**Input records**

(* Let $\epsilon>0$, $\chi>0$, $s\in\mathbb{R}$, and let $(U,V)$ be a traveling pulse profile of $u_t=(\epsilon u_x-\chi u\phi(v_x))_x$, $\epsilon v_t=v_{xx}+u-g(v)$ with speed $s$, such that the entries of $D,M,N$ below are bounded continuous on $\mathbb{R}$. Let $\mathcal{L}_0=D(\xi)\partial_{\xi\xi}$ and $\mathcal{L}_1=M(\xi)\partial_\xi+N(\xi)I$ on $X=BUC(\mathbb{R};\mathbb{R}^2)$. Then for $\lambda\in\mathbb{C}$ with $\operatorname{Re}\lambda>0$ sufficiently large, $\|\mathcal{L}_1(\mathcal{L}_0-\lambda I)^{-1}\|<1$.
   Context: $D=\begin{pmatrix}\epsilon & -\chi U\phi'(V')\\ 0 & 1/\epsilon\end{pmatrix}$, $M=\begin{pmatrix}s-\chi\phi(V') & -\chi(U\phi'(V'))'\\ 0 & s\end{pmatrix}$, $N=\begin{pmatrix}-\chi(\phi(V'))' & 0\\ 1/\epsilon & -g'(V)/\epsilon\end{pmatrix}$; $BUC$ is the space of bounded uniformly continuous functions with sup norm (complexified), and $\mathcal{L}_0$ has domain $BUC^2$. *)

theory Defs
  imports "HOL-Analysis.Analysis"
begin

text \<open>Functions R -> C^2 are modelled as real => complex * complex
  (norm on C^2 = Euclidean norm of the product type).\<close>

definition buc :: "(real \<Rightarrow> complex \<times> complex) \<Rightarrow> bool" where
  "buc f \<longleftrightarrow> bounded (range f) \<and> uniformly_continuous_on UNIV f"

definition buc2 :: "(real \<Rightarrow> complex \<times> complex) \<Rightarrow> bool" where
  "buc2 u \<longleftrightarrow> (\<exists>u1 u2. (\<forall>x. (u has_vector_derivative u1 x) (at x)) \<and>
      (\<forall>x. (u1 has_vector_derivative u2 x) (at x)) \<and> buc u \<and> buc u1 \<and> buc u2)"

definition supn :: "(real \<Rightarrow> complex \<times> complex) \<Rightarrow> real" where
  "supn f = (SUP x. norm (f x))"

definition mat_app :: "real \<Rightarrow> real \<Rightarrow> real \<Rightarrow> real \<Rightarrow> complex \<times> complex \<Rightarrow> complex \<times> complex" where
  "mat_app a b c d w = (of_real a * fst w + of_real b * snd w, of_real c * fst w + of_real d * snd w)"

text \<open>Traveling pulse profile (U,V) with speed s of
  u_t = (eps u_x - chi u phi(v_x))_x, eps v_t = v_xx + u - g(v), i.e. with u = U(x - s t), v = V(x - s t):
  -s U' = (eps U' - chi U phi(V'))',  -eps s V' = V'' + U - g(V),
  and U, V converge to the same limits at both ends (homoclinic/pulse).\<close>
definition traveling_pulse ::
  "real \<Rightarrow> real \<Rightarrow> (real \<Rightarrow> real) \<Rightarrow> (real \<Rightarrow> real) \<Rightarrow> real \<Rightarrow> (real \<Rightarrow> real) \<Rightarrow> (real \<Rightarrow> real) \<Rightarrow> bool" where
  "traveling_pulse eps chi phi g s U V \<longleftrightarrow>
     (\<forall>x. U differentiable at x) \<and> (\<forall>x. V differentiable at x) \<and>
     (\<forall>x. deriv V differentiable at x) \<and>
     (\<forall>x. (\<lambda>y. eps * deriv U y - chi * U y * phi (deriv V y)) differentiable at x) \<and>
     (\<forall>x. - s * deriv U x = deriv (\<lambda>y. eps * deriv U y - chi * U y * phi (deriv V y)) x) \<and>
     (\<forall>x. - eps * s * deriv V x = deriv (deriv V) x + U x - g (V x)) \<and>
     (\<exists>Us Vs. (U \<longlongrightarrow> Us) at_top \<and> (U \<longlongrightarrow> Us) at_bot \<and>
              (V \<longlongrightarrow> Vs) at_top \<and> (V \<longlongrightarrow> Vs) at_bot)"

definition cscale :: "complex \<Rightarrow> complex \<times> complex \<Rightarrow> complex \<times> complex" where
  "cscale c w = (c * fst w, c * snd w)"

definition D11 :: "real \<Rightarrow> real" where "D11 eps = eps"
definition D12 :: "real \<Rightarrow> (real \<Rightarrow> real) \<Rightarrow> (real \<Rightarrow> real) \<Rightarrow> (real \<Rightarrow> real) \<Rightarrow> real \<Rightarrow> real" where
  "D12 chi phi U V x = - chi * U x * deriv phi (deriv V x)"
definition D22 :: "real \<Rightarrow> real" where "D22 eps = 1 / eps"

definition M11 :: "real \<Rightarrow> (real \<Rightarrow> real) \<Rightarrow> real \<Rightarrow> (real \<Rightarrow> real) \<Rightarrow> real \<Rightarrow> real" where
  "M11 chi phi s V x = s - chi * phi (deriv V x)"
definition M12 :: "real \<Rightarrow> (real \<Rightarrow> real) \<Rightarrow> (real \<Rightarrow> real) \<Rightarrow> (real \<Rightarrow> real) \<Rightarrow> real \<Rightarrow> real" where
  "M12 chi phi U V x = - chi * deriv (\<lambda>y. U y * deriv phi (deriv V y)) x"

definition N11 :: "real \<Rightarrow> (real \<Rightarrow> real) \<Rightarrow> (real \<Rightarrow> real) \<Rightarrow> real \<Rightarrow> real" where
  "N11 chi phi V x = - chi * deriv (\<lambda>y. phi (deriv V y)) x"
definition N22 :: "real \<Rightarrow> (real \<Rightarrow> real) \<Rightarrow> (real \<Rightarrow> real) \<Rightarrow> real \<Rightarrow> real" where
  "N22 eps g V x = - deriv g (V x) / eps"

definition bdd_cont :: "(real \<Rightarrow> real) \<Rightarrow> bool" where
  "bdd_cont h \<longleftrightarrow> bounded (range h) \<and> continuous_on UNIV h"

definition L0 :: "real \<Rightarrow> real \<Rightarrow> (real \<Rightarrow> real) \<Rightarrow> (real \<Rightarrow> real) \<Rightarrow> (real \<Rightarrow> real)
   \<Rightarrow> (real \<Rightarrow> complex \<times> complex) \<Rightarrow> real \<Rightarrow> complex \<times> complex" where
  "L0 eps chi phi U V u x = mat_app (D11 eps) (D12 chi phi U V x) 0 (D22 eps)
      (vector_derivative (\<lambda>y. vector_derivative u (at y)) (at x))"

definition L1 :: "real \<Rightarrow> real \<Rightarrow> (real \<Rightarrow> real) \<Rightarrow> (real \<Rightarrow> real) \<Rightarrow> real \<Rightarrow> (real \<Rightarrow> real) \<Rightarrow> (real \<Rightarrow> real)
   \<Rightarrow> (real \<Rightarrow> complex \<times> complex) \<Rightarrow> real \<Rightarrow> complex \<times> complex" where
  "L1 eps chi phi g s U V u x =
     mat_app (M11 chi phi s V x) (M12 chi phi U V x) 0 s (vector_derivative u (at x))
   + mat_app (N11 chi phi V x) 0 (1 / eps) (N22 eps g V x) (u x)"

end

theory Submission
  imports Defs
begin

(* The diagonal of D is constant, so D u'' - lam u = f is triangular: its second row is the scalar
   equation u2''/eps - lam u2 = f2, after which the first row is the scalar equation
   eps u1'' - lam u1 = f1 - D12 u2''. A scalar equation a w'' - lam w = h with Re lam > 0 factors as
   (d/dx + k) (d/dx - k) w = h / a with k = csqrt (lam / a), Re k > 0, and both first-order factors are
   inverted on bounded functions by exponential integrals. This gives |w| <= |h| / Re lam,
   |w'| <= 3 |h| / sqrt (a Re lam), |w''| <= 3 |h| / a and uniqueness of bounded solutions. Hence for
   Re lam >= 1 the resolvent of L0 maps BUC into BUC^2 with |u| + |u'| <= C |f| / sqrt (Re lam), and
   as L1 is first order with bounded coefficients, |L1 u| <= K C |f| / sqrt (Re lam) <= |f| / 2 once
   Re lam is large. *)

section \<open>Uniform continuity on the real line\<close>

lemma uniformly_continuous_on_bounded_derivative:
  fixes f :: "real \<Rightarrow> 'a::real_normed_vector"
  assumes "\<And>x. (f has_vector_derivative f' x) (at x)" and "\<And>x. norm (f' x) \<le> B"
  shows "uniformly_continuous_on UNIV f"
proof -
  have "0 \<le> B" using assms(2)[of 0] norm_ge_zero order_trans by blast
  have "B-lipschitz_on UNIV f"
  proof (rule bounded_derivative_imp_lipschitz)
    show "(f has_derivative (\<lambda>h. h *\<^sub>R f' x)) (at x within UNIV)" for x
      using assms(1) by (simp add: has_vector_derivative_def)
    show "onorm (\<lambda>h. h *\<^sub>R f' x) \<le> B" for x
      using assms(2) by (simp add: onorm_scaleR_left bounded_linear_ident onorm_id)
  qed (use \<open>0 \<le> B\<close> in auto)
  then show ?thesis by (rule lipschitz_on_uniformly_continuous)
qed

**Work to be completed**
Set down only the lines running from the line with "Re lam >= 1" to the end of the entries above, both included, exactly as they stand.

**Exercise response**
   Re lam >= 1 the resolvent of L0 maps BUC into BUC^2 with |u| + |u'| <= C |f| / sqrt (Re lam), and
   as L1 is first order with bounded coefficients, |L1 u| <= K C |f| / sqrt (Re lam) <= |f| / 2 once
   Re lam is large. *)

section \<open>Uniform continuity on the real line\<close>

lemma uniformly_continuous_on_bounded_derivative:
  fixes f :: "real \<Rightarrow> 'a::real_normed_vector"
  assumes "\<And>x. (f has_vector_derivative f' x) (at x)" and "\<And>x. norm (f' x) \<le> B"
  shows "uniformly_continuous_on UNIV f"
proof -
  have "0 \<le> B" using assms(2)[of 0] norm_ge_zero order_trans by blast
  have "B-lipschitz_on UNIV f"
  proof (rule bounded_derivative_imp_lipschitz)
    show "(f has_derivative (\<lambda>h. h *\<^sub>R f' x)) (at x within UNIV)" for x
      using assms(1) by (simp add: has_vector_derivative_def)
    show "onorm (\<lambda>h. h *\<^sub>R f' x) \<le> B" for x
      using assms(2) by (simp add: onorm_scaleR_left bounded_linear_ident onorm_id)
  qed (use \<open>0 \<le> B\<close> in auto)
  then show ?thesis by (rule lipschitz_on_uniformly_continuous)
qed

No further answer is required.